lemma signed_curvature_css_param:
  assumes c: "\<And>t. (c has_vector_derivative vel c t) (at t)"
    and acc: "\<And>t. (vel c has_vector_derivative acc c t) (at t)"
    and \<kappa>: "\<And>t. signed_curvature c differentiable (at t)"
    and \<kappa>': "\<And>t. deriv (signed_curvature c) differentiable (at t)"
    and "open S" and corr: "\<forall>x\<in>S. vel c x = - vel c (\<tau> x)"
    and \<tau>: "\<And>x. x \<in> S \<Longrightarrow> \<tau> differentiable (at x)"
    and s0: "s0 \<in> S" and \<tau>': "deriv \<tau> differentiable (at s0)"
    and nonzero: "signed_curvature c s0 + signed_curvature c (\<tau> s0) \<noteq> 0"
  shows "signed_curvature (css_param c \<tau>) s0 =
    (1 + deriv \<tau> s0) * det2 (c s0 - c (\<tau> s0)) (vel c s0)
      / (\<bar>css_weight_deriv c \<tau> s0\<bar> * norm (c s0 - c (\<tau> s0)) ^ 3)"
proof -
  have \<kappa>\<tau>: "(\<lambda>x. signed_curvature c (\<tau> x)) differentiable (at s0)"
    and \<kappa>'\<tau>: "(\<lambda>x. deriv (signed_curvature c) (\<tau> x)) differentiable (at s0)"
    using \<tau>[OF s0] \<kappa> \<kappa>' by (auto intro: differentiable_compose)
  have "isCont (\<lambda>x. signed_curvature c x + signed_curvature c (\<tau> x)) s0"
    using \<kappa> \<kappa>\<tau> by (intro continuous_intros) (auto intro: differentiable_imp_continuous_within)
  from continuous_at_avoid[OF this nonzero] obtain \<epsilon> where "\<epsilon> > 0"
    and \<sigma>: "\<And>x. dist s0 x < \<epsilon> \<Longrightarrow> signed_curvature c x + signed_curvature c (\<tau> x) \<noteq> 0"
    by blast
  define T where "T = S \<inter> ball s0 \<epsilon>"
  have T: "open T" "s0 \<in> T"
    using \<open>open S\<close> s0 \<open>\<epsilon> > 0\<close> by (auto simp: T_def)
  have "vel (css_param c \<tau>) x = css_weight_deriv c \<tau> x *\<^sub>R (c x - c (\<tau> x))" if "x \<in> T" for x
    using css_param_has_vector_derivative[OF c acc \<kappa> \<open>open T\<close> _ \<tau> that \<sigma>] corr that
    by (auto simp: T_def vel_def vector_derivative_at)
  moreover have "css_weight_deriv c \<tau> differentiable (at s0)"
    unfolding css_weight_deriv_def[abs_def]
    using \<kappa> \<kappa>' \<kappa>\<tau> \<kappa>'\<tau> \<tau>' \<sigma>[of s0] \<open>\<epsilon> > 0\<close>
    by (auto intro!: derivative_intros)
  moreover have "((\<lambda>x. c x - c (\<tau> x)) has_vector_derivative (1 + deriv \<tau> s0) *\<^sub>R vel c s0) (at s0)"
  proof -
    have "(\<tau> has_vector_derivative deriv \<tau> s0) (at s0)"
      using \<tau>[OF s0] DERIV_deriv_iff_real_differentiable has_real_derivative_iff_has_vector_derivative by blast
    then have "((\<lambda>x. c x - c (\<tau> x)) has_vector_derivative vel c s0 - deriv \<tau> s0 *\<^sub>R vel c (\<tau> s0)) (at s0)"
      using vector_diff_chain_at[OF _ c] by (auto intro!: derivative_eq_intros c simp: o_def)
    then show ?thesis
      using corr s0 by (simp add: algebra_simps)
  qed
  ultimately show ?thesis
    by (simp add: signed_curvature_vel_parallel[OF T] mult.commute)
qed

lemma css_curvature_factor:
  fixes k1 k2 a b \<mu> :: real
  assumes k2: "k2 \<noteq> 0" and "k1 + k2 \<noteq> 0" and "k1 = \<mu> * k2"
  shows "(1 + \<mu>) / \<bar>(a * k2 - k1 * (b * \<mu>)) / (k1 + k2)\<^sup>2\<bar>
    = sgn k2 * ((k1 + k2) ^ 3 / \<bar>k2\<^sup>2 * a - k1\<^sup>2 * b\<bar>)"
proof -
  define N where "N = k2\<^sup>2 * a - k1\<^sup>2 * b"
  have \<mu>: "\<mu> = k1 / k2"
    using assms(1,3) by simp
  have "a * k2 - k1 * (b * \<mu>) = N / k2" and "1 + \<mu> = (k1 + k2) / k2"
    using k2 by (simp_all add: N_def \<mu> field_simps power2_eq_square)
  then have "(1 + \<mu>) / \<bar>(a * k2 - k1 * (b * \<mu>)) / (k1 + k2)\<^sup>2\<bar>
      = (k1 + k2) / k2 / (\<bar>N\<bar> / (\<bar>k2\<bar> * (k1 + k2)\<^sup>2))"
    by (simp add: abs_divide abs_mult)
  also have "\<dots> = \<bar>k2\<bar> / k2 * ((k1 + k2) ^ 3 / \<bar>N\<bar>)"
    using assms(1,2) by (cases "N = 0") (simp_all add: field_simps power2_eq_square power3_eq_cube)
  finally show ?thesis
    using k2 by (simp add: N_def abs_if sgn_if)
qed

theorem proposition2p11:
  fixes c :: "real \<Rightarrow> real^2" and L s0 t0 :: real and \<tau> :: "real \<Rightarrow> real" and e :: real
  assumes curve: "arclength_closed_curve c L"
    and distinct: "c s0 \<noteq> c t0"
    and opposite: "\<exists>\<alpha><0. vel c s0 = \<alpha> *\<^sub>R vel c t0"
    and kb: "signed_curvature c t0 \<noteq> 0"
    and ksum: "signed_curvature c s0 + signed_curvature c t0 \<noteq> 0"
    and e: "e > 0"
    and tau_smooth: "smooth_on (ball s0 e) \<tau>"
    and tau_s0: "\<tau> s0 = t0"
    and tau_corr: "\<forall>s\<in>ball s0 e. vel c s = - vel c (\<tau> s)"
    and regular: "vel (css_param c \<tau>) s0 \<noteq> 0"
  shows "signed_curvature (css_param c \<tau>) s0 =
     sgn (signed_curvature c t0) *
     ((signed_curvature c s0 + signed_curvature c t0) ^ 3 /
       \<bar>(signed_curvature c t0)\<^sup>2 * deriv (signed_curvature c) s0
        - (signed_curvature c s0)\<^sup>2 * deriv (signed_curvature c) t0\<bar>) *
     (det2 (c s0 - c t0) (vel c s0) / norm (c s0 - c t0) ^ 3)"
proof -
  have smooth: "smooth_on UNIV c" and unit: "\<And>s. norm (vel c s) = 1"
    using curve by (auto simp: arclength_closed_curve_def)
  have s0: "s0 \<in> ball s0 e"
    using e by simp
  have \<tau>: "\<tau> differentiable (at x)" if "x \<in> ball s0 e" for x
    using smooth_on_has_vector_derivative[OF tau_smooth that] differentiableI_vector by blast
  have "smooth_on (ball s0 e) (deriv \<tau>)"
    using smooth_on_vector_derivative[OF open_ball tau_smooth]
    by (simp add: field_derivative_eq_vector_derivative[abs_def])
  then have \<tau>': "deriv \<tau> differentiable (at s0)"
    using smooth_on_has_vector_derivative s0 differentiableI_vector by blast
  have "signed_curvature c s0 = deriv \<tau> s0 * signed_curvature c t0"
    using signed_curvature_correspondence[OF open_ball s0 tau_corr _ smooth_curve_has_acc smooth_curve_has_acc]
      \<tau>[OF s0] smooth tau_s0 DERIV_deriv_iff_real_differentiable by blast
  then have "(1 + deriv \<tau> s0) / \<bar>css_weight_deriv c \<tau> s0\<bar> =
      sgn (signed_curvature c t0) *
       ((signed_curvature c s0 + signed_curvature c t0) ^ 3 /
         \<bar>(signed_curvature c t0)\<^sup>2 * deriv (signed_curvature c) s0
          - (signed_curvature c s0)\<^sup>2 * deriv (signed_curvature c) t0\<bar>)"
    using css_curvature_factor kb ksum by (simp add: css_weight_deriv_def tau_s0)
  moreover have "signed_curvature (css_param c \<tau>) s0 =
      (1 + deriv \<tau> s0) / \<bar>css_weight_deriv c \<tau> s0\<bar> * (det2 (c s0 - c t0) (vel c s0) / norm (c s0 - c t0) ^ 3)"
    using signed_curvature_css_param[OF smooth_curve_has_vel smooth_curve_has_acc
        unit_speed_curvature_differentiable open_ball tau_corr \<tau> s0 \<tau>'] smooth unit ksum
    by (simp add: tau_s0)
  ultimately show ?thesis
    by simp
qed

* * * *

Scan the records for the string "sigma". Copy each line in which it appears.

    and \<sigma>: "\<And>x. dist s0 x < \<epsilon> \<Longrightarrow> signed_curvature c x + signed_curvature c (\<tau> x) \<noteq> 0"
    using css_param_has_vector_derivative[OF c acc \<kappa> \<open>open T\<close> _ \<tau> that \<sigma>] corr that
    using \<kappa> \<kappa>' \<kappa>\<tau> \<kappa>'\<tau> \<tau>' \<sigma>[of s0] \<open>\<epsilon> > 0\<close>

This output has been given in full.